San Francisco Awards Its First Social Equity Cannabis License

An upcoming San Francisco dispensary has received the city’s first social equity cannabis business license; the shop is expected to open in the city’s Castro District before the end of the year.

Full story after the jump.

The San Francisco, California Office of Cannabis has awarded its first social-equity business license to a married gay couple, Romwald (Ray) Connolly and Desmond Morgan, for their soon-to-open dispensary named Eureka Sky, according to the Bay Area Reporter.

The city’s equity program gives cannabusinesses who partner with an equity applicant priority review when applying for a cannabis business permit. Eureka Sky’s equity applicant is Chris Callaway, a cannabis cultivator who moved to the Bay Area 20 years ago to get involved with the medical cannabis industry.

Connolly said the team was “thrilled” to be the first social equity applicants to get the license in the city and that the local regulators were “wonderful to work with.” The dispensary is expected to open in Castro later this month; the business received unanimous approval for the concept from the Castro Merchants last year.
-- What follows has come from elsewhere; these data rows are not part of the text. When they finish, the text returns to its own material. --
text \<open>This identity is what the choice of \<open>\<tau>\<close> is made for.\<close>

lemma prod_bcoef_powi_mult_power:
  assumes s: "s > 0"
  shows "(\<Prod>i=1..n-1. (bcoef n d s i ^ DD d i) powi ((-1)^(i-1))) * (s powr nu n d) ^ d n
     = s powr nu n d / (real (d 1) * real (d n))"
proof -
  define c where "c = 2 * ln (dmax n d) / real (d 1)"
  define L where "L = ln (tau n d * s)"
  define e where "e i = (-1)^(i-1) * real (DD d i)" for i
  have "(\<Prod>i=1..n-1. (bcoef n d s i ^ DD d i) powi ((-1)^(i-1)))
      = (\<Prod>i=1..n-1. exp (e i * (c + beta d i * L)))"
  proof (rule prod.cong[OF refl])
    fix i assume "i \<in> {1..n-1}"
    then have "bcoef n d s i = exp (c + beta d i * L)"
      using bcoef_pos_ln[OF s dmax_pos tau_pos] by (metis atLeastAtMost_iff c_def L_def exp_ln)
    then show "(bcoef n d s i ^ DD d i) powi ((-1)^(i-1)) = exp (e i * (c + beta d i * L))"
      by (simp add: e_def power_int_power exp_power_int mult_ac)
  qed
  also have "\<dots> = exp (\<Sum>i=1..n-1. e i * (c + beta d i * L))"
    by (simp add: exp_sum)
  also have "(\<Sum>i=1..n-1. e i * (c + beta d i * L))
      = c * (\<Sum>i=1..n-1. e i) + L * (\<Sum>i=1..n-1. e i * beta d i)"
    by (simp add: sum.distrib sum_distrib_left algebra_simps)
  also have "(\<Sum>i=1..n-1. e i) = real (d 1) - real (d n)"
    using arg_cong[OF sum_alternating_DD_n, of real_of_int] by (simp add: e_def)
  also have "(\<Sum>i=1..n-1. e i * beta d i) = - real (d n) * beta d (n-1)"
    using sum_alternating_DD_beta_n by (simp add: e_def)
  finally have prod_eq: "(\<Prod>i=1..n-1. (bcoef n d s i ^ DD d i) powi ((-1)^(i-1)))
      = exp (c * (real (d 1) - real (d n)) + L * (- real (d n) * beta d (n-1)))" .
  have "real (d n) * nu n d = real (d n) * beta d (n-1) + nu n d"
    using dn_gt_1 by (simp add: nu_eq field_simps)
  moreover have "L = ln (tau n d) + ln s" using s tau_pos by (simp add: L_def ln_mult)
  ultimately have exponent: "c * (real (d 1) - real (d n)) + L * (- real (d n) * beta d (n-1))
        + real (d n) * nu n d * ln s
      = nu n d * ln s - ln (real (d 1) * real (d n))"
    using ln_tau d1_gt_1 dn_gt_1 by (simp add: c_def ln_mult field_simps)
  have "(s powr nu n d) ^ d n = exp (real (d n) * nu n d * ln s)"
    using s by (simp add: powr_def exp_of_nat_mult[symmetric] mult_ac)
  then have "(\<Prod>i=1..n-1. (bcoef n d s i ^ DD d i) powi ((-1)^(i-1))) * (s powr nu n d) ^ d n
      = exp (nu n d * ln s - ln (real (d 1) * real (d n)))"
    unfolding prod_eq exponent[symmetric] by (simp add: exp_add)
  also have "\<dots> = s powr nu n d / (real (d 1) * real (d n))"
    using s d1_gt_1 dn_gt_1 by (simp add: exp_diff powr_def)
  finally show ?thesis .
qed
lemma involution_eigenvalue:
  fixes A :: "complex mat"
  assumes A: "A \<in> carrier_mat n n" and AA: "A * A = 1\<^sub>m n" and ev: "eigenvalue A k"
  shows "k \<in> complex_of_real ` {-1..1}"
proof -
  obtain v where v: "v \<in> carrier_vec n" "v \<noteq> 0\<^sub>v n" "A *\<^sub>v v = k \<cdot>\<^sub>v v"
    using ev A unfolding eigenvalue_def eigenvector_def by auto
  have "v = (A * A) *\<^sub>v v" using AA v by simp
  also have "\<dots> = (k * k) \<cdot>\<^sub>v v"
    using A v by (simp add: assoc_mult_mat_vec[symmetric] mult_mat_vec smult_smult_assoc)
  finally have vv: "v = (k * k) \<cdot>\<^sub>v v" .
  obtain i where i: "i < n" "v $ i \<noteq> 0"
    using v(1,2) by (metis carrier_vecD eq_vecI index_zero_vec(1,2))
  have "(k * k - 1) * v $ i = 0"
    using arg_cong[OF vv, of "\<lambda>w. w $ i"] i v by (simp add: algebra_simps)
  then have "k = 1 \<or> k = -1" using i square_eq_1_iff[of k] by simp
  then show ?thesis by (auto intro: image_eqI[where x=1] image_eqI[where x="-1"])
qed

lemma hermitian_matI:
  fixes A :: "complex mat"
  assumes A: "A \<in> carrier_mat n n"
    and h: "\<And>i j. i < n \<Longrightarrow> j < n \<Longrightarrow> cnj (A $$ (j,i)) = A $$ (i,j)"
  shows "hermitian_mat A"
  unfolding hermitian_mat_def mat_adjoint_def
  using A h by (auto intro!: eq_matI simp: mat_of_rows_index)

lemma clifford_obs_observable:
  assumes real: "\<And>k. cnj (u k) = u k" and unit: "(\<Sum>k<d. u k * u k) = 1"
  shows "observable (2^d) (clifford_obs d u)"
proof -
  have "cnj (gamma k j i) = gamma k i j" for k i j
    unfolding gamma_symmetric[of k j i] unfolding gamma_def jw_sign_def by simp
  then have "hermitian_mat (clifford_obs d u)"
    using real by (intro hermitian_matI[OF clifford_obs_carrier]) (simp add: clifford_obs_def)
  then show ?thesis
    unfolding observable_def
    using clifford_obs_carrier involution_eigenvalue[OF clifford_obs_carrier clifford_obs_square[OF unit]]
    by blast
qed

lemma clifford_obs_pairing:
  "(\<Sum>a\<in>{0..<2^d}. \<Sum>b\<in>{0..<2^d}. clifford_obs d u $$ (a,b) * clifford_obs d v $$ (a,b))
     = of_nat (2^d) * (\<Sum>k<d. u k * v k)"
proof -
  have row: "(\<Sum>b\<in>{0..<2^d}. clifford_obs d u $$ (a,b) * clifford_obs d v $$ (a,b))
      = (\<Sum>k<d. u k * v k)" if a: "a < 2^d" for a
  proof -
    have "(\<Sum>b\<in>{0..<2^d}. clifford_obs d u $$ (a,b) * clifford_obs d v $$ (a,b))
        = (\<Sum>b\<in>{0..<2^d}. \<Sum>k<d. \<Sum>l<d. u k * v l * (gamma k a b * gamma l a b))"
      using a by (intro sum.cong refl)
        (simp add: clifford_obs_def, subst sum_product, intro sum.cong refl, simp add: mult_ac)
    also have "\<dots> = (\<Sum>k<d. \<Sum>l<d. u k * v l * (\<Sum>b\<in>{0..<2^d}. gamma k a b * gamma l a b))"
      by (simp add: sum.swap[of _ "{0..<2^d}"] sum_distrib_left)
    also have "\<dots> = (\<Sum>k<d. \<Sum>l<d. if k = l then u k * v l else 0)"
      using gamma_rows_orthonormal[OF a] by (intro sum.cong refl) simp
    finally show ?thesis by simp
  qed
  then show ?thesis by simp
qed

section \<open>The maximally entangled state\<close>

text \<open>The maximally entangled state on C^N (x) C^N = C^(N*N): the projection onto
  (1/sqrt N) sum_a e_a (x) e_a, where e_a (x) e_a is the basis vector with index a*N+a.\<close>
definition max_ent :: "nat \<Rightarrow> complex mat" where
  "max_ent N = mat (N*N) (N*N)
     (\<lambda>(p,q). if p div N = p mod N \<and> q div N = q mod N then 1 / of_nat N else 0)"

lemma max_ent_carrier: "max_ent N \<in> carrier_mat (N*N) (N*N)"
  unfolding max_ent_def by simp

lemma diag_index_less:
  assumes "a < (N::nat)"
  shows "a*N + a < N*N"
proof -
  have "a*N + a < (a+1)*N" using assms by simp
  also have "\<dots> \<le> N*N" using assms by (intro mult_right_mono) auto
  finally show ?thesis .
qed

lemma diag_indices:
  assumes N: "0 < (N::nat)"
  shows "{p\<in>{0..<N*N}. p div N = p mod N} = (\<lambda>a. a*N+a) ` {0..<N}"
proof
  show "{p\<in>{0..<N*N}. p div N = p mod N} \<subseteq> (\<lambda>a. a*N+a) ` {0..<N}"
  proof
    fix p assume "p \<in> {p\<in>{0..<N*N}. p div N = p mod N}"
    then have "p = (p mod N) * N + p mod N" using div_mult_mod_eq[of p N] by simp
    then show "p \<in> (\<lambda>a. a*N+a) ` {0..<N}" using N by (intro image_eqI[where x="p mod N"]) auto
  qed
  show "(\<lambda>a. a*N+a) ` {0..<N} \<subseteq> {p\<in>{0..<N*N}. p div N = p mod N}"
    using N diag_index_less by auto
qed

lemma sum_diag_indices:
  fixes F :: "nat \<Rightarrow> complex"
  assumes N: "0 < N"
  shows "(\<Sum>p\<in>{0..<N*N}. if p div N = p mod N then F p else 0) = (\<Sum>a\<in>{0..<N}. F (a*N+a))"
proof -
  have inj: "inj_on (\<lambda>a. a*N+a) {0..<N}"
    by (rule inj_onI) (metis atLeastLessThan_iff mod_mult_self3 mod_less)
  have "(\<Sum>p\<in>{0..<N*N}. if p div N = p mod N then F p else 0)
      = sum F {p\<in>{0..<N*N}. p div N = p mod N}"
    by (rule sum.inter_filter[symmetric]) simp
  also have "\<dots> = sum F ((\<lambda>a. a*N+a) ` {0..<N})"
    by (simp only: diag_indices[OF N])
  also have "\<dots> = (\<Sum>a\<in>{0..<N}. F (a*N+a))"
    using inj by (simp add: sum.reindex)
  finally show ?thesis .
qed

lemma max_ent_trace: "0 < N \<Longrightarrow> mat_trace (max_ent N) = 1"
  unfolding mat_trace_def max_ent_def
  by (simp add: atLeast0LessThan[symmetric] sum_diag_indices[where F = "\<lambda>_. 1 / of_nat N"])

text \<open>Its quadratic form is v^* rho v = |w|^2 / N with w the sum of the diagonal
  coordinates of v, hence nonnegative.\<close>
lemma max_ent_density: "0 < N \<Longrightarrow> density_mat (N*N) (max_ent N)"
proof -
  assume N: "0 < N"
  have herm: "hermitian_mat (max_ent N)"
    by (rule hermitian_matI[OF max_ent_carrier]) (auto simp: max_ent_def)
  have "conjugate v \<bullet> (max_ent N *\<^sub>v v) \<in> complex_of_real ` {0..}"
    if v: "v \<in> carrier_vec (N*N)" for v
  proof -
    define w where "w = (\<Sum>q\<in>{0..<N*N}. if q div N = q mod N then v $ q else 0)"
    have entry: "(max_ent N *\<^sub>v v) $ p = (if p div N = p mod N then w / of_nat N else 0)"
      if "p < N*N" for p
      using that v unfolding max_ent_def w_def
      by (auto simp: scalar_prod_def sum_divide_distrib intro!: sum.cong)
    have "conjugate v \<bullet> (max_ent N *\<^sub>v v) = (\<Sum>p\<in>{0..<N*N}. cnj (v $ p) * (max_ent N *\<^sub>v v) $ p)"
      using v unfolding scalar_prod_def by (simp add: max_ent_def)
    also have "\<dots> = (\<Sum>p\<in>{0..<N*N}. (if p div N = p mod N then cnj (v $ p) else 0) * (w / of_nat N))"
      by (rule sum.cong) (auto simp: entry)
    also have "\<dots> = (\<Sum>p\<in>{0..<N*N}. if p div N = p mod N then cnj (v $ p) else 0) * (w / of_nat N)"
      by (rule sum_distrib_right[symmetric])
    also have "(\<Sum>p\<in>{0..<N*N}. if p div N = p mod N then cnj (v $ p) else 0) = cnj w"
      unfolding w_def cnj_sum by (rule sum.cong) auto
    also have "cnj w * (w / of_nat N) = complex_of_real ((norm w)^2 / real N)"
      using complex_norm_square[of w] by (simp add: mult.commute)
    finally have quad: "conjugate v \<bullet> (max_ent N *\<^sub>v v) = complex_of_real ((norm w)^2 / real N)" .
    show ?thesis unfolding quad by (rule image_eqI[OF refl]) simp
  qed
  then show ?thesis
    unfolding density_mat_def psd_mat_def using max_ent_carrier herm max_ent_trace[OF N] by blast
qed

lemma max_ent_correlation:
  fixes A B :: "complex mat"
  assumes N: "0 < N" and A: "A \<in> carrier_mat N N" and B: "B \<in> carrier_mat N N"
  shows "mat_trace (max_ent N * kron A B)
       = (\<Sum>a\<in>{0..<N}. \<Sum>b\<in>{0..<N}. A $$ (a,b) * B $$ (a,b)) / of_nat N"
proof -
  define K where "K = kron A B"
  have K: "K \<in> carrier_mat (N*N) (N*N)" using A B unfolding K_def kron_def by auto
  have K_diag: "K $$ (a*N+a, b*N+b) = A $$ (a,b) * B $$ (a,b)" if "a < N" "b < N" for a b
  proof -
    have "(a*N+a) div N = a" "(a*N+a) mod N = a" "(b*N+b) div N = b" "(b*N+b) mod N = b"
      using that N by simp_all
    then show ?thesis
      using that A B diag_index_less[of a N] diag_index_less[of b N] unfolding K_def kron_def by simp
  qed
  have "mat_trace (max_ent N * K)
      = (\<Sum>p\<in>{0..<N*N}. \<Sum>q\<in>{0..<N*N}. max_ent N $$ (p,q) * K $$ (q,p))"
    unfolding mat_trace_def using K
    by (intro sum.cong) (auto simp: max_ent_def scalar_prod_def atLeast0LessThan)
  also have "\<dots> = (\<Sum>p\<in>{0..<N*N}. if p div N = p mod N then
        (\<Sum>q\<in>{0..<N*N}. if q div N = q mod N then K $$ (q,p) / of_nat N else 0) else 0)"
    by (intro sum.cong refl) (auto simp: max_ent_def intro!: sum.cong)
  also have "\<dots> = (\<Sum>b\<in>{0..<N}. \<Sum>a\<in>{0..<N}. K $$ (a*N+a, b*N+b) / of_nat N)"
    by (simp only: sum_diag_indices[OF N])
  also have "\<dots> = (\<Sum>b\<in>{0..<N}. \<Sum>a\<in>{0..<N}. A $$ (a,b) * B $$ (a,b) / of_nat N)"
    by (intro sum.cong refl) (simp add: K_diag)
  also have "\<dots> = (\<Sum>a\<in>{0..<N}. \<Sum>b\<in>{0..<N}. A $$ (a,b) * B $$ (a,b)) / of_nat N"
    by (subst sum.swap) (simp add: sum_divide_distrib)
  finally show ?thesis unfolding K_def .
qed

lemma clifford_correlation:
  "mat_trace (max_ent (2^d) * kron (clifford_obs d u) (clifford_obs d v)) = (\<Sum>k<d. u k * v k)"
  by (simp add: max_ent_correlation clifford_obs_carrier clifford_obs_pairing)

section \<open>Facts about the singular value decomposition\<close>

lemma nonincreasing_top_prefix:
  fixes s :: "nat \<Rightarrow> 'a::linorder"
  assumes mono: "\<forall>i j. i \<le> j \<longrightarrow> j < m \<longrightarrow> s j \<le> s i"
    and d: "d = card {i. i < m \<and> s i = s 0}" and k: "k < d"
  shows "k < m" and "s k = s 0"
proof -
  let ?P = "{i. i < m \<and> s i = s 0}"
  have "d \<le> m" using d card_mono[of "{..<m}" ?P] by auto
  then show km: "k < m" using k by simp
  show "s k = s 0"
  proof (rule ccontr)
    assume ne: "s k \<noteq> s 0"
    have "s i \<noteq> s 0" if "k \<le> i" "i < m" for i
      using mono that km ne by (metis antisym le0)
    then have "?P \<subseteq> {..<k}" by (auto simp: not_less[symmetric])
    then have "d \<le> k" using d card_mono[of "{..<k}" ?P] by auto
    then show False using k by simp
  qed
qed

lemma top_multiplicity_pos:
  fixes s :: "nat \<Rightarrow> 'a"
  assumes "0 < m"
  shows "0 < card {i. i < m \<and> s i = s 0}"
proof -
  have "finite {i. i < m \<and> s i = s 0}" by (rule finite_subset[of _ "{..<m}"]) auto
  then show ?thesis using assms by (subst card_gt_0_iff) auto
qed

lemma svd_diagonal:
  assumes g: "g \<in> carrier_mat M1 M2" and svd: "is_svd M1 M2 g V S W"
    and k1: "k < M1" and k2: "k < M2"
  shows "(\<Sum>x1<M1. \<Sum>x2<M2. V $$ (x1,k) * g $$ (x1,x2) * W $$ (x2,k)) = S $$ (k,k)"
proof -
  have V: "V \<in> carrier_mat M1 M1" and VV: "transpose_mat V * V = 1\<^sub>m M1"
    and W: "W \<in> carrier_mat M2 M2" and WW: "transpose_mat W * W = 1\<^sub>m M2"
    and S: "S \<in> carrier_mat M1 M2" and g_eq: "g = V * S * transpose_mat W"
    using svd unfolding is_svd_def orthogonal_real_mat_def by auto
  have VT: "transpose_mat V \<in> carrier_mat M1 M1" and WT: "transpose_mat W \<in> carrier_mat M2 M2"
    using V W by auto
  have SWT: "S * transpose_mat W \<in> carrier_mat M1 M2" using S WT by simp
  have "transpose_mat V * g = transpose_mat V * (V * (S * transpose_mat W))"
    unfolding g_eq by (simp only: assoc_mult_mat[OF V S WT])
  also have "\<dots> = (transpose_mat V * V) * (S * transpose_mat W)"
    by (rule assoc_mult_mat[OF VT V SWT, symmetric])
  also have "\<dots> = S * transpose_mat W" unfolding VV by (rule left_mult_one_mat[OF SWT])
  finally have "transpose_mat V * g * W = S * transpose_mat W * W" by simp
  also have "\<dots> = S * (transpose_mat W * W)" by (rule assoc_mult_mat[OF S WT W])
  also have "\<dots> = S" unfolding WW by (rule right_mult_one_mat[OF S])
  finally have "S $$ (k,k) = (transpose_mat V * g * W) $$ (k,k)" by simp
  also have "\<dots> = (\<Sum>x1<M1. V $$ (x1,k) * (\<Sum>x2<M2. g $$ (x1,x2) * W $$ (x2,k)))"
    using k1 k2 V W g by (simp add: scalar_prod_def atLeast0LessThan)
  finally show ?thesis by (simp add: sum_distrib_left mult.assoc)
qed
The dispensary is housed in an old gift shop that occupied that space from 2006 to 2018. It will be the second cannabis dispensary in the Castro District.

California’s cannabis law includes social equity provisions – which provides a certain number of licenses to individuals most affected by the War on Drugs – and cities and towns are allowed to implement their own social-equity licensing plans. The plan in Los Angeles recently came under fire for its first-come, first-serve nature of the processes, which prompted City Council President Herb Wesson to call for a redo of the licensing round.

San Francisco was the second California city to adopt social equity plans, behind Oakland.